_Work to complete_
Repeat the data. Keep each line identical.

_Collected data entries_
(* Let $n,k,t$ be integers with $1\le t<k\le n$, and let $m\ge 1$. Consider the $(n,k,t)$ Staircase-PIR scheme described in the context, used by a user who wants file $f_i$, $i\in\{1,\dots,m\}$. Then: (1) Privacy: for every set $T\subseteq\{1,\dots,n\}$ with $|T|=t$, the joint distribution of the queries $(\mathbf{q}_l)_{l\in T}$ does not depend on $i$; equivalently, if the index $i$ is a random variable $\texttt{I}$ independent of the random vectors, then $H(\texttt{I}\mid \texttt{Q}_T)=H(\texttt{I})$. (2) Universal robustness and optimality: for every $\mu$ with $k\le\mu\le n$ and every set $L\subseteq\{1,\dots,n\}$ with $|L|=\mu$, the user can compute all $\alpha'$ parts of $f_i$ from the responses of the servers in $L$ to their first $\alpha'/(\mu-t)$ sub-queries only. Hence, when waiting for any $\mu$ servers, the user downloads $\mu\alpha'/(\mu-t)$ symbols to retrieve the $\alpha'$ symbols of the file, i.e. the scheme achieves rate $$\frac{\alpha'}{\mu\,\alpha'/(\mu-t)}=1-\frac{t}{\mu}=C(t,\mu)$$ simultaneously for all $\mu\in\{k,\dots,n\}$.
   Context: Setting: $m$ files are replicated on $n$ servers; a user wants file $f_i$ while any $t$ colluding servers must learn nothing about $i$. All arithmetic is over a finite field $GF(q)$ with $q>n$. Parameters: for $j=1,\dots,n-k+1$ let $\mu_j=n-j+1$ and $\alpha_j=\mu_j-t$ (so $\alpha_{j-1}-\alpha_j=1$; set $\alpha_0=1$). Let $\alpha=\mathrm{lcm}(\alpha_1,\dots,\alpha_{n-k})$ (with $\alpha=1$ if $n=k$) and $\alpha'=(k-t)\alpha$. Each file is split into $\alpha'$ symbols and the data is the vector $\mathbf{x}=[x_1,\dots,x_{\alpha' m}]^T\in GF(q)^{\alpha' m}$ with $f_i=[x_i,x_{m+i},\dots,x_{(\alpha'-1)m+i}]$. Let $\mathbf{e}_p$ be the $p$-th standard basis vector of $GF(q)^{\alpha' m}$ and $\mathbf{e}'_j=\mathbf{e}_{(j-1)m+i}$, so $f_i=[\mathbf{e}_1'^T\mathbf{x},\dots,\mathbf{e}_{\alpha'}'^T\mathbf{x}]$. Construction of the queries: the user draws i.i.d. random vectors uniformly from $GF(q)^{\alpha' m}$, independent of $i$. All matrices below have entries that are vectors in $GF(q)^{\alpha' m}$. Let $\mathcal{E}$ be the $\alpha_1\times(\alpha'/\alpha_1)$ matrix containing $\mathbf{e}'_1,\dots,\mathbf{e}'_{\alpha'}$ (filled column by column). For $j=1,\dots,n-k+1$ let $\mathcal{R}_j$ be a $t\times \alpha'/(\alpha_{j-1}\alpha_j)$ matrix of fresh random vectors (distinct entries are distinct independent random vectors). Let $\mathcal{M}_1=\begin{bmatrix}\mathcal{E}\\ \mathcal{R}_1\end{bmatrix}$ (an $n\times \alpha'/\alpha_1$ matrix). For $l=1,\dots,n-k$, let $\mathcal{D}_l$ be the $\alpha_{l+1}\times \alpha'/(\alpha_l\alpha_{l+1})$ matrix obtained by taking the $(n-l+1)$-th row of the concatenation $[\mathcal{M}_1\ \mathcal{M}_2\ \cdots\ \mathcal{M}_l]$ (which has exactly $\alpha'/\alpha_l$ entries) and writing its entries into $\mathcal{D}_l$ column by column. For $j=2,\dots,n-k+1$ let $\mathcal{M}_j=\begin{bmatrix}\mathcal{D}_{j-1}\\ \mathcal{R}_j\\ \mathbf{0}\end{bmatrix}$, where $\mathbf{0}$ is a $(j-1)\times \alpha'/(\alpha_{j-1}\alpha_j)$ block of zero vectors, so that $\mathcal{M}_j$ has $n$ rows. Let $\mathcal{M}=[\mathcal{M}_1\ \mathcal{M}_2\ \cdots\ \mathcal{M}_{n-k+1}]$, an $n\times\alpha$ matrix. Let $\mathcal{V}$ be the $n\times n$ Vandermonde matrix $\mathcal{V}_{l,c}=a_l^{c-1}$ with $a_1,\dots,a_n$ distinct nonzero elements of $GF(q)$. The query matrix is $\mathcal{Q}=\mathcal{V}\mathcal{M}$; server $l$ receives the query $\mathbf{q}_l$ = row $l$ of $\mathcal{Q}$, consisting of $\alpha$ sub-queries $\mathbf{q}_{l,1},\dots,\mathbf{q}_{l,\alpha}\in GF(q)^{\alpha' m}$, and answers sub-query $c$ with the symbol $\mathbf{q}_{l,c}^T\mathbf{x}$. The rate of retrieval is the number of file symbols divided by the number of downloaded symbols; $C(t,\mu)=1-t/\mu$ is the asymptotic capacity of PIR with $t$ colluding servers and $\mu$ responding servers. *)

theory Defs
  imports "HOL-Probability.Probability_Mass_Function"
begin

_Answer to this exercise_
(* Let $n,k,t$ be integers with $1\le t<k\le n$, and let $m\ge 1$. Consider the $(n,k,t)$ Staircase-PIR scheme described in the context, used by a user who wants file $f_i$, $i\in\{1,\dots,m\}$. Then: (1) Privacy: for every set $T\subseteq\{1,\dots,n\}$ with $|T|=t$, the joint distribution of the queries $(\mathbf{q}_l)_{l\in T}$ does not depend on $i$; equivalently, if the index $i$ is a random variable $\texttt{I}$ independent of the random vectors, then $H(\texttt{I}\mid \texttt{Q}_T)=H(\texttt{I})$. (2) Universal robustness and optimality: for every $\mu$ with $k\le\mu\le n$ and every set $L\subseteq\{1,\dots,n\}$ with $|L|=\mu$, the user can compute all $\alpha'$ parts of $f_i$ from the responses of the servers in $L$ to their first $\alpha'/(\mu-t)$ sub-queries only. Hence, when waiting for any $\mu$ servers, the user downloads $\mu\alpha'/(\mu-t)$ symbols to retrieve the $\alpha'$ symbols of the file, i.e. the scheme achieves rate $$\frac{\alpha'}{\mu\,\alpha'/(\mu-t)}=1-\frac{t}{\mu}=C(t,\mu)$$ simultaneously for all $\mu\in\{k,\dots,n\}$.
   Context: Setting: $m$ files are replicated on $n$ servers; a user wants file $f_i$ while any $t$ colluding servers must learn nothing about $i$. All arithmetic is over a finite field $GF(q)$ with $q>n$. Parameters: for $j=1,\dots,n-k+1$ let $\mu_j=n-j+1$ and $\alpha_j=\mu_j-t$ (so $\alpha_{j-1}-\alpha_j=1$; set $\alpha_0=1$). Let $\alpha=\mathrm{lcm}(\alpha_1,\dots,\alpha_{n-k})$ (with $\alpha=1$ if $n=k$) and $\alpha'=(k-t)\alpha$. Each file is split into $\alpha'$ symbols and the data is the vector $\mathbf{x}=[x_1,\dots,x_{\alpha' m}]^T\in GF(q)^{\alpha' m}$ with $f_i=[x_i,x_{m+i},\dots,x_{(\alpha'-1)m+i}]$. Let $\mathbf{e}_p$ be the $p$-th standard basis vector of $GF(q)^{\alpha' m}$ and $\mathbf{e}'_j=\mathbf{e}_{(j-1)m+i}$, so $f_i=[\mathbf{e}_1'^T\mathbf{x},\dots,\mathbf{e}_{\alpha'}'^T\mathbf{x}]$. Construction of the queries: the user draws i.i.d. random vectors uniformly from $GF(q)^{\alpha' m}$, independent of $i$. All matrices below have entries that are vectors in $GF(q)^{\alpha' m}$. Let $\mathcal{E}$ be the $\alpha_1\times(\alpha'/\alpha_1)$ matrix containing $\mathbf{e}'_1,\dots,\mathbf{e}'_{\alpha'}$ (filled column by column). For $j=1,\dots,n-k+1$ let $\mathcal{R}_j$ be a $t\times \alpha'/(\alpha_{j-1}\alpha_j)$ matrix of fresh random vectors (distinct entries are distinct independent random vectors). Let $\mathcal{M}_1=\begin{bmatrix}\mathcal{E}\\ \mathcal{R}_1\end{bmatrix}$ (an $n\times \alpha'/\alpha_1$ matrix). For $l=1,\dots,n-k$, let $\mathcal{D}_l$ be the $\alpha_{l+1}\times \alpha'/(\alpha_l\alpha_{l+1})$ matrix obtained by taking the $(n-l+1)$-th row of the concatenation $[\mathcal{M}_1\ \mathcal{M}_2\ \cdots\ \mathcal{M}_l]$ (which has exactly $\alpha'/\alpha_l$ entries) and writing its entries into $\mathcal{D}_l$ column by column. For $j=2,\dots,n-k+1$ let $\mathcal{M}_j=\begin{bmatrix}\mathcal{D}_{j-1}\\ \mathcal{R}_j\\ \mathbf{0}\end{bmatrix}$, where $\mathbf{0}$ is a $(j-1)\times \alpha'/(\alpha_{j-1}\alpha_j)$ block of zero vectors, so that $\mathcal{M}_j$ has $n$ rows. Let $\mathcal{M}=[\mathcal{M}_1\ \mathcal{M}_2\ \cdots\ \mathcal{M}_{n-k+1}]$, an $n\times\alpha$ matrix. Let $\mathcal{V}$ be the $n\times n$ Vandermonde matrix $\mathcal{V}_{l,c}=a_l^{c-1}$ with $a_1,\dots,a_n$ distinct nonzero elements of $GF(q)$. The query matrix is $\mathcal{Q}=\mathcal{V}\mathcal{M}$; server $l$ receives the query $\mathbf{q}_l$ = row $l$ of $\mathcal{Q}$, consisting of $\alpha$ sub-queries $\mathbf{q}_{l,1},\dots,\mathbf{q}_{l,\alpha}\in GF(q)^{\alpha' m}$, and answers sub-query $c$ with the symbol $\mathbf{q}_{l,c}^T\mathbf{x}$. The rate of retrieval is the number of file symbols divided by the number of downloaded symbols; $C(t,\mu)=1-t/\mu$ is the asymptotic capacity of PIR with $t$ colluding servers and $\mu$ responding servers. *)

theory Defs
  imports "HOL-Probability.Probability_Mass_Function"
begin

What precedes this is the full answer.